Here was a journalist taking on the might of the British Empire on behalf of a people who had been grievously wronged. Armand De Souza was followed by a series of brilliant journalists, who in various ways uplifted the standards of public discourse – Tarzie Vittachi, D.B. Dhanapala, Janze, Hulugalla, Mervyn De Silva, among several others, are names that the Sri Lankan media can take pride in.
Where such men once flourished is now a barren land, occupied by journalists whose life ambition is to receive a gift of a plot of land or a duty free car from the government. As famously quipped by Churchill, reading of the newspapers of today offer neither pleasure nor profit.
Meanwhile, the politician too has failed completely, for the millions making this country their home, the Promised Land is now only a broken dream. If all what has happened since 1948 is the best that our political leadership could have produced, unless we adopt a completely new philosophy of leadership, there is not much hope.
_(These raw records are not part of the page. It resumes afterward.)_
(* For every $n\equiv 1 \pmod{16}$ with $n\geq 17$, there exists an almost 2-perfect 8-cycle system of order $n$.
   Context: An 8-cycle system of order $n$ is a collection of pairwise edge-disjoint 8-cycles partitioning the edge set of $K_n$. For an 8-cycle $C$, an inside 8-cycle of $C$ is an 8-cycle on the same vertex set as $C$ sharing no edge with $C$. An 8-cycle system $\mathcal{C}$ is almost 2-perfect if one can choose, for each $C\in\mathcal{C}$, an inside 8-cycle $C'$ of $C$ so that the chosen cycles again form an 8-cycle system of order $n$. *)

theory Defs
  imports Main
begin

definition edges_Kn :: "nat \<Rightarrow> nat set set" where
  "edges_Kn n = {e. \<exists>u v. u < n \<and> v < n \<and> u \<noteq> v \<and> e = {u, v}}"

definition cyc_edges :: "nat list \<Rightarrow> nat set set" where
  "cyc_edges vs = {{vs ! i, vs ! ((i + 1) mod length vs)} | i. i < length vs}"

definition is_8cycle :: "nat set set \<Rightarrow> bool" where
  "is_8cycle C \<longleftrightarrow> (\<exists>vs. length vs = 8 \<and> distinct vs \<and> C = cyc_edges vs)"

definition cyc_verts :: "nat set set \<Rightarrow> nat set" where
  "cyc_verts C = \<Union>C"

definition is_8cycle_system :: "nat \<Rightarrow> nat set set set \<Rightarrow> bool" where
  "is_8cycle_system n \<C> \<longleftrightarrow>
     (\<forall>C\<in>\<C>. is_8cycle C) \<and>
     (\<forall>C\<in>\<C>. \<forall>D\<in>\<C>. C \<noteq> D \<longrightarrow> C \<inter> D = {}) \<and>
     \<Union>\<C> = edges_Kn n"

definition inside_8cycle :: "nat set set \<Rightarrow> nat set set \<Rightarrow> bool" where
  "inside_8cycle C C' \<longleftrightarrow> is_8cycle C' \<and> cyc_verts C' = cyc_verts C \<and> C \<inter> C' = {}"

definition almost_2perfect :: "nat \<Rightarrow> nat set set set \<Rightarrow> bool" where
  "almost_2perfect n \<C> \<longleftrightarrow>
     (\<exists>f. (\<forall>C\<in>\<C>. inside_8cycle C (f C)) \<and>
          inj_on f \<C> \<and> is_8cycle_system n (f ` \<C>))"

end

theory Submission
  imports Defs
begin

text \<open>Write n = 16k + 1 and split the vertices into k groups {16g..<16g+16} and the common
  point 16k. Each group together with the common point spans a K_17, which is decomposed by the
  17 translates mod 17 of a base 8-cycle whose 16 oriented differences are exactly the nonzero
  residues; a second such base cycle on the same vertex set, edge-disjoint from the first,
  supplies the inside cycles translate by translate. The edges between two groups split into
  16 copies of K_{4,4}, one for each pair of quarters of the two groups, and K_{4,4} is the union
  of two edge-disjoint 8-cycles on the same vertices, each of which is an inside cycle of the
  other.\<close>

lemma cyc_edges_eq_image: "cyc_edges vs = (\<lambda>i. {vs ! i, vs ! (Suc i mod length vs)}) ` {..<length vs}"
  unfolding cyc_edges_def by auto

lemma Suc_mod_length_less: "i < length xs \<Longrightarrow> Suc i mod length xs < length xs"
  by (rule mod_less_divisor) auto

lemma cyc_edges_map: "cyc_edges (map f vs) = image f ` cyc_edges vs"
  unfolding cyc_edges_eq_image length_map image_image
  by (rule image_cong) (simp_all add: Suc_mod_length_less)

lemma cyc_verts_cyc_edges: "cyc_verts (cyc_edges vs) = set vs"
proof
  show "cyc_verts (cyc_edges vs) \<subseteq> set vs"
    unfolding cyc_verts_def cyc_edges_eq_image by (auto intro: nth_mem simp: Suc_mod_length_less)
  show "set vs \<subseteq> cyc_verts (cyc_edges vs)"
    unfolding cyc_verts_def cyc_edges_eq_image by (auto simp: in_set_conv_nth)
qed

lemma is_8cycle_nonempty: "is_8cycle C \<Longrightarrow> C \<noteq> {}"
  unfolding is_8cycle_def cyc_edges_eq_image by (auto simp: lessThan_empty_iff)

lemma is_8cycle_image:
  assumes "is_8cycle C" "inj_on f (cyc_verts C)"
  shows "is_8cycle (image f ` C)"
proof -
  obtain vs where vs: "length vs = 8" "distinct vs" "C = cyc_edges vs"
    using assms(1) unfolding is_8cycle_def by blast
  have "distinct (map f vs)"
    using assms(2) vs by (simp add: distinct_map cyc_verts_cyc_edges)
  then show ?thesis
    unfolding is_8cycle_def using vs by (intro exI[of _ "map f vs"]) (simp add: cyc_edges_map)
qed

lemma inside_8cycle_image:
  assumes inside: "inside_8cycle C D" and inj: "inj_on f (cyc_verts C)"
  shows "inside_8cycle (image f ` C) (image f ` D)"
proof -
  have D: "is_8cycle D" and verts: "cyc_verts D = cyc_verts C" and disj: "C \<inter> D = {}"
    using inside unfolding inside_8cycle_def by auto
  have sub: "C \<subseteq> Pow (cyc_verts C)" "D \<subseteq> Pow (cyc_verts C)"
    using verts unfolding cyc_verts_def by auto
  have "image f ` C \<inter> image f ` D = {}"
    using inj_on_image_Int[OF inj_on_image_Pow[OF inj] sub] disj by simp
  moreover have "cyc_verts (image f ` D) = cyc_verts (image f ` C)"
    using verts unfolding cyc_verts_def by blast
  moreover have "is_8cycle (image f ` D)"
    using is_8cycle_image[OF D] inj verts by simp
  ultimately show ?thesis
    unfolding inside_8cycle_def by blast
qed

lemma inside_8cycle_sym: "is_8cycle C \<Longrightarrow> inside_8cycle C D \<Longrightarrow> inside_8cycle D C"
  unfolding inside_8cycle_def by auto

lemma is_8cycle_cyc_edges: "length vs = 8 \<Longrightarrow> distinct vs \<Longrightarrow> is_8cycle (cyc_edges vs)"
  unfolding is_8cycle_def by blast
definition fill_of :: "box set \<Rightarrow> nat \<Rightarrow> bool \<Rightarrow> (int \<Rightarrow> box) \<Rightarrow> box set \<Rightarrow> box \<Rightarrow> int" where
  "fill_of lam n s pos S =
     (let v = (SOME v. S = translate v ` lam) in
      (\<lambda>b. if b \<in> lam then box_entry n s pos (translate v b) else 0))"

definition pos_fill :: "box set \<Rightarrow> nat \<Rightarrow> bool \<Rightarrow> (int \<Rightarrow> box) \<Rightarrow> box \<Rightarrow> int" where
  "pos_fill lam n s pos = fill_of lam n s pos (pos_boxes n pos)"

definition nonneg_fill :: "box set \<Rightarrow> nat \<Rightarrow> bool \<Rightarrow> (int \<Rightarrow> box) \<Rightarrow> box \<Rightarrow> int" where
  "nonneg_fill lam n s pos = fill_of lam n s pos (SOME S. nonneg_part_ok lam n s pos S)"

text \<open>Identification of tableaux: same entries with the same contents and the same
grouping of entries into boxes (geometry up to the paper's identification).\<close>

definition same_tableau :: "nat \<Rightarrow> (int \<Rightarrow> box) \<Rightarrow> (int \<Rightarrow> box) \<Rightarrow> bool" where
  "same_tableau n pos pos' \<longleftrightarrow>
     (\<forall>k\<in>Nums n. content (pos k) = content (pos' k) \<and>
        (\<forall>l\<in>Nums n. pos k = pos l \<longleftrightarrow> pos' k = pos' l))"

end

theory Submission
  imports Defs "HOL-Library.Product_Order"
begin

text \<open>
  The nonnegative half of a tableau in T[lam,0,+-] and the positive-content part of a
  tableau in T[lam,m,+-] are both standard fillings F of lam by numbers of distinct absolute
  values, with the prescribed parity of the number of negative entries.  Each such F is
  completed in exactly one way.  The box c of lam of least content (its lower left corner)
  is put on content m, resp. 0, and the entries -F fill the copy of lam rotated by 180
  degrees about a point of the diagonal of content 0.  For m >= 1 the two copies are far
  apart.  For m = 0 the copies either overlap in c, which then carries the pair +-F c; this
  is possible exactly when the right neighbour of c has an entry above |F c| and the upper
  neighbour one below -|F c|.  Otherwise the rotated copy is attached directly below lam,
  resp. to its left, according to which of the two inequalities fails.  Uniqueness: F
  determines the content of every entry, and the corner condition determines which of the
  three kinds of tableau occurs.
\<close>

section \<open>Boxes, translations and rotations\<close>

definition precedes :: "box \<Rightarrow> box \<Rightarrow> bool" where
  "precedes a b \<longleftrightarrow> (fst a = fst b \<and> snd a < snd b) \<or> (snd a = snd b \<and> fst a < fst b)"

definition rot180 :: "int \<Rightarrow> box \<Rightarrow> box" where
  "rot180 t b = (t - fst b, t - snd b)"

lemma finite_Nums [simp]: "finite (Nums n)"
proof -
  have "Nums n \<subseteq> {-int n..int n}" unfolding Nums_def by auto
  then show ?thesis by (rule finite_subset) simp
qed

lemma uminus_mem_Nums [simp]: "- k \<in> Nums n \<longleftrightarrow> k \<in> Nums n"
  unfolding Nums_def by auto

lemma card_Nums: "card (Nums n) = 2 * n"
proof -
  have "Nums n = {-int n..-1} \<union> {1..int n}" unfolding Nums_def by auto
  moreover have "card ({-int n..-1} \<union> {1..int n}) = 2 * n"
    by (subst card_Un_disjoint) auto
  ultimately show ?thesis by simp
qed

lemma Nums_0 [simp]: "Nums 0 = {}"
  unfolding Nums_def by auto

lemma content_translate [simp]: "content (translate v b) = content b + (snd v - fst v)"
  unfolding content_def translate_def by simp

lemma content_rot180 [simp]: "content (rot180 t b) = - content b"
  unfolding content_def rot180_def by simp

lemma rot180_rot180 [simp]: "rot180 t (rot180 t b) = b"
  unfolding rot180_def by simp

lemma rot180_eq_iff [simp]: "rot180 t a = rot180 t b \<longleftrightarrow> a = b"
  by (metis rot180_rot180)

lemma rot180_le_iff [simp]: "rot180 t a \<le> rot180 t b \<longleftrightarrow> b \<le> a"
  unfolding rot180_def less_eq_prod_def by auto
The links and the similarities between the political establishment and the media, unspoken of, yet very real, bring to mind the concluding paragraph of Animal Farm, that brilliant political satire of George Orwell: “Twelve voices were shouting in anger, and they were all alike. No question, now, what had happened to the faces of the pigs. The creatures outside looked from pig to man, and from man to pig, and from pig to man again: but already it was impossible to say which was which.”